** Opening Material provided block **

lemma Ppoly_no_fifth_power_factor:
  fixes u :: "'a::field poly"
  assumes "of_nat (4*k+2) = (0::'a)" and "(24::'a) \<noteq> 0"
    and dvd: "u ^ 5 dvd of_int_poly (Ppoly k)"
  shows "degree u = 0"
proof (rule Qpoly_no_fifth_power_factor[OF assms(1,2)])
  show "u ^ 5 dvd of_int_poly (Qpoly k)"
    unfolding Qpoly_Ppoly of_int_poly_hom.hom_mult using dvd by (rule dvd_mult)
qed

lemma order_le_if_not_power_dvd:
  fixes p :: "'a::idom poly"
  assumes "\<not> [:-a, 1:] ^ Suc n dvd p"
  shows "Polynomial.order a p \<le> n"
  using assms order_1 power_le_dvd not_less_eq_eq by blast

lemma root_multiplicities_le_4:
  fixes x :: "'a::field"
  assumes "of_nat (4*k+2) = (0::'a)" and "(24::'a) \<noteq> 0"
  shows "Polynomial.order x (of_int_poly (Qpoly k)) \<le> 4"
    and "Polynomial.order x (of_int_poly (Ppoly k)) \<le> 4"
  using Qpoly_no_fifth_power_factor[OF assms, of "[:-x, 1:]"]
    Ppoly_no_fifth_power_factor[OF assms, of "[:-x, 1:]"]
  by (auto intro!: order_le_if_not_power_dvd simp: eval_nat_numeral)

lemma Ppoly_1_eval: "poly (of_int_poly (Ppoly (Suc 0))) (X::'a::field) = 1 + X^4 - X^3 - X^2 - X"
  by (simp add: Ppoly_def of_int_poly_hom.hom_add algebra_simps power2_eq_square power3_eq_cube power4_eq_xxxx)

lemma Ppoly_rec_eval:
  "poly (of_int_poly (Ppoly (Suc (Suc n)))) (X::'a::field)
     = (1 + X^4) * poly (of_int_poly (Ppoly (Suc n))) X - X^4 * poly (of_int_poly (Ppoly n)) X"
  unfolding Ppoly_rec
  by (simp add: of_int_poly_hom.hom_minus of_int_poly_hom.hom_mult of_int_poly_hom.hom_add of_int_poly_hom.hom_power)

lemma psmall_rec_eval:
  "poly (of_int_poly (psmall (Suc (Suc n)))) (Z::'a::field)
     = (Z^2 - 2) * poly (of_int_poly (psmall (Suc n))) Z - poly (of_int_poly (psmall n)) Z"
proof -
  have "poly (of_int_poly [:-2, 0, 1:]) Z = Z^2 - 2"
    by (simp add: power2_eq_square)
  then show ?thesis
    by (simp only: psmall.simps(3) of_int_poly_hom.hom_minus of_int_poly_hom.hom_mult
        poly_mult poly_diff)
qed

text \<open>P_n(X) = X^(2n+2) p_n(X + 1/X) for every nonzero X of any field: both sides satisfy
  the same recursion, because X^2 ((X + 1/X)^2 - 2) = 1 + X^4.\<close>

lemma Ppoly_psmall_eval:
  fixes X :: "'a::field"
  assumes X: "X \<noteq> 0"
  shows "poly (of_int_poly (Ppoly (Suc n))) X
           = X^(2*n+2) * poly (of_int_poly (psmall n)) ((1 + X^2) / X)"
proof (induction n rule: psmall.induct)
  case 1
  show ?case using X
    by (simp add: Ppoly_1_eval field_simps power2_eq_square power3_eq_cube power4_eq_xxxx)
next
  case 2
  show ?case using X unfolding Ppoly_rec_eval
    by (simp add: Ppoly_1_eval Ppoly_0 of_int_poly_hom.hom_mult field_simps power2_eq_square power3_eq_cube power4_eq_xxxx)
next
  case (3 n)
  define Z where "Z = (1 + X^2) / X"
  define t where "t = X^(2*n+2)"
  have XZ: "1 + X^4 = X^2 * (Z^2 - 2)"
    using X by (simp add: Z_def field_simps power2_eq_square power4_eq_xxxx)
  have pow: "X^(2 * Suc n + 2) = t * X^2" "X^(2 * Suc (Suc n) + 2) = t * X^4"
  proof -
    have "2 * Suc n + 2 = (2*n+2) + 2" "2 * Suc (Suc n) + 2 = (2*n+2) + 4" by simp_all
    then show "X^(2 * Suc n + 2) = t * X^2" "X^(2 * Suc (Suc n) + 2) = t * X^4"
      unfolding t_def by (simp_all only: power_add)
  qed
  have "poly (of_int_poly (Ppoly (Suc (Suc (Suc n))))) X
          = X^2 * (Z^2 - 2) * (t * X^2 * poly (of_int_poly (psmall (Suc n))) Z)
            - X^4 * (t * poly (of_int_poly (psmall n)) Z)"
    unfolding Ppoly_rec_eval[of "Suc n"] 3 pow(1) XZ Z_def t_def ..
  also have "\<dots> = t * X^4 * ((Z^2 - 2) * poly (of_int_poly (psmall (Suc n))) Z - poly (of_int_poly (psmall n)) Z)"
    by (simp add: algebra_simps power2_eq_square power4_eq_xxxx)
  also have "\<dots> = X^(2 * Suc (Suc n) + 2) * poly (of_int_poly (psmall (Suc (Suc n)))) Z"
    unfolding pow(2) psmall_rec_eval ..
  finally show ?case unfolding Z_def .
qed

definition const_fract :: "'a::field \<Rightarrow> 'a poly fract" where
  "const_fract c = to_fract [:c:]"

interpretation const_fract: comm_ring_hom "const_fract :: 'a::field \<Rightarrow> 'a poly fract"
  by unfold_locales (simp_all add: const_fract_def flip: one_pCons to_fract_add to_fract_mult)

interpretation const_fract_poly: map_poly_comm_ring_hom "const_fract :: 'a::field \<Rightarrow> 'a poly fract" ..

** Closing Material provided block **

_Required action_
Give back the entire listing, line for line, exactly as it stands.

_Solution to this exercise_
lemma Ppoly_no_fifth_power_factor:
  fixes u :: "'a::field poly"
  assumes "of_nat (4*k+2) = (0::'a)" and "(24::'a) \<noteq> 0"
    and dvd: "u ^ 5 dvd of_int_poly (Ppoly k)"
  shows "degree u = 0"
proof (rule Qpoly_no_fifth_power_factor[OF assms(1,2)])
  show "u ^ 5 dvd of_int_poly (Qpoly k)"
    unfolding Qpoly_Ppoly of_int_poly_hom.hom_mult using dvd by (rule dvd_mult)
qed

lemma order_le_if_not_power_dvd:
  fixes p :: "'a::idom poly"
  assumes "\<not> [:-a, 1:] ^ Suc n dvd p"
  shows "Polynomial.order a p \<le> n"
  using assms order_1 power_le_dvd not_less_eq_eq by blast

lemma root_multiplicities_le_4:
  fixes x :: "'a::field"
  assumes "of_nat (4*k+2) = (0::'a)" and "(24::'a) \<noteq> 0"
  shows "Polynomial.order x (of_int_poly (Qpoly k)) \<le> 4"
    and "Polynomial.order x (of_int_poly (Ppoly k)) \<le> 4"
  using Qpoly_no_fifth_power_factor[OF assms, of "[:-x, 1:]"]
    Ppoly_no_fifth_power_factor[OF assms, of "[:-x, 1:]"]
  by (auto intro!: order_le_if_not_power_dvd simp: eval_nat_numeral)

lemma Ppoly_1_eval: "poly (of_int_poly (Ppoly (Suc 0))) (X::'a::field) = 1 + X^4 - X^3 - X^2 - X"
  by (simp add: Ppoly_def of_int_poly_hom.hom_add algebra_simps power2_eq_square power3_eq_cube power4_eq_xxxx)

lemma Ppoly_rec_eval:
  "poly (of_int_poly (Ppoly (Suc (Suc n)))) (X::'a::field)
     = (1 + X^4) * poly (of_int_poly (Ppoly (Suc n))) X - X^4 * poly (of_int_poly (Ppoly n)) X"
  unfolding Ppoly_rec
  by (simp add: of_int_poly_hom.hom_minus of_int_poly_hom.hom_mult of_int_poly_hom.hom_add of_int_poly_hom.hom_power)

lemma psmall_rec_eval:
  "poly (of_int_poly (psmall (Suc (Suc n)))) (Z::'a::field)
     = (Z^2 - 2) * poly (of_int_poly (psmall (Suc n))) Z - poly (of_int_poly (psmall n)) Z"
proof -
  have "poly (of_int_poly [:-2, 0, 1:]) Z = Z^2 - 2"
    by (simp add: power2_eq_square)
  then show ?thesis
    by (simp only: psmall.simps(3) of_int_poly_hom.hom_minus of_int_poly_hom.hom_mult
        poly_mult poly_diff)
qed

text \<open>P_n(X) = X^(2n+2) p_n(X + 1/X) for every nonzero X of any field: both sides satisfy
  the same recursion, because X^2 ((X + 1/X)^2 - 2) = 1 + X^4.\<close>

lemma Ppoly_psmall_eval:
  fixes X :: "'a::field"
  assumes X: "X \<noteq> 0"
  shows "poly (of_int_poly (Ppoly (Suc n))) X
           = X^(2*n+2) * poly (of_int_poly (psmall n)) ((1 + X^2) / X)"
proof (induction n rule: psmall.induct)
  case 1
  show ?case using X
    by (simp add: Ppoly_1_eval field_simps power2_eq_square power3_eq_cube power4_eq_xxxx)
next
  case 2
  show ?case using X unfolding Ppoly_rec_eval
    by (simp add: Ppoly_1_eval Ppoly_0 of_int_poly_hom.hom_mult field_simps power2_eq_square power3_eq_cube power4_eq_xxxx)
next
  case (3 n)
  define Z where "Z = (1 + X^2) / X"
  define t where "t = X^(2*n+2)"
  have XZ: "1 + X^4 = X^2 * (Z^2 - 2)"
    using X by (simp add: Z_def field_simps power2_eq_square power4_eq_xxxx)
  have pow: "X^(2 * Suc n + 2) = t * X^2" "X^(2 * Suc (Suc n) + 2) = t * X^4"
  proof -
    have "2 * Suc n + 2 = (2*n+2) + 2" "2 * Suc (Suc n) + 2 = (2*n+2) + 4" by simp_all
    then show "X^(2 * Suc n + 2) = t * X^2" "X^(2 * Suc (Suc n) + 2) = t * X^4"
      unfolding t_def by (simp_all only: power_add)
  qed
  have "poly (of_int_poly (Ppoly (Suc (Suc (Suc n))))) X
          = X^2 * (Z^2 - 2) * (t * X^2 * poly (of_int_poly (psmall (Suc n))) Z)
            - X^4 * (t * poly (of_int_poly (psmall n)) Z)"
    unfolding Ppoly_rec_eval[of "Suc n"] 3 pow(1) XZ Z_def t_def ..
  also have "\<dots> = t * X^4 * ((Z^2 - 2) * poly (of_int_poly (psmall (Suc n))) Z - poly (of_int_poly (psmall n)) Z)"
    by (simp add: algebra_simps power2_eq_square power4_eq_xxxx)
  also have "\<dots> = X^(2 * Suc (Suc n) + 2) * poly (of_int_poly (psmall (Suc (Suc n)))) Z"
    unfolding pow(2) psmall_rec_eval ..
  finally show ?case unfolding Z_def .
qed

definition const_fract :: "'a::field \<Rightarrow> 'a poly fract" where
  "const_fract c = to_fract [:c:]"

interpretation const_fract: comm_ring_hom "const_fract :: 'a::field \<Rightarrow> 'a poly fract"
  by unfold_locales (simp_all add: const_fract_def flip: one_pCons to_fract_add to_fract_mult)

interpretation const_fract_poly: map_poly_comm_ring_hom "const_fract :: 'a::field \<Rightarrow> 'a poly fract" ..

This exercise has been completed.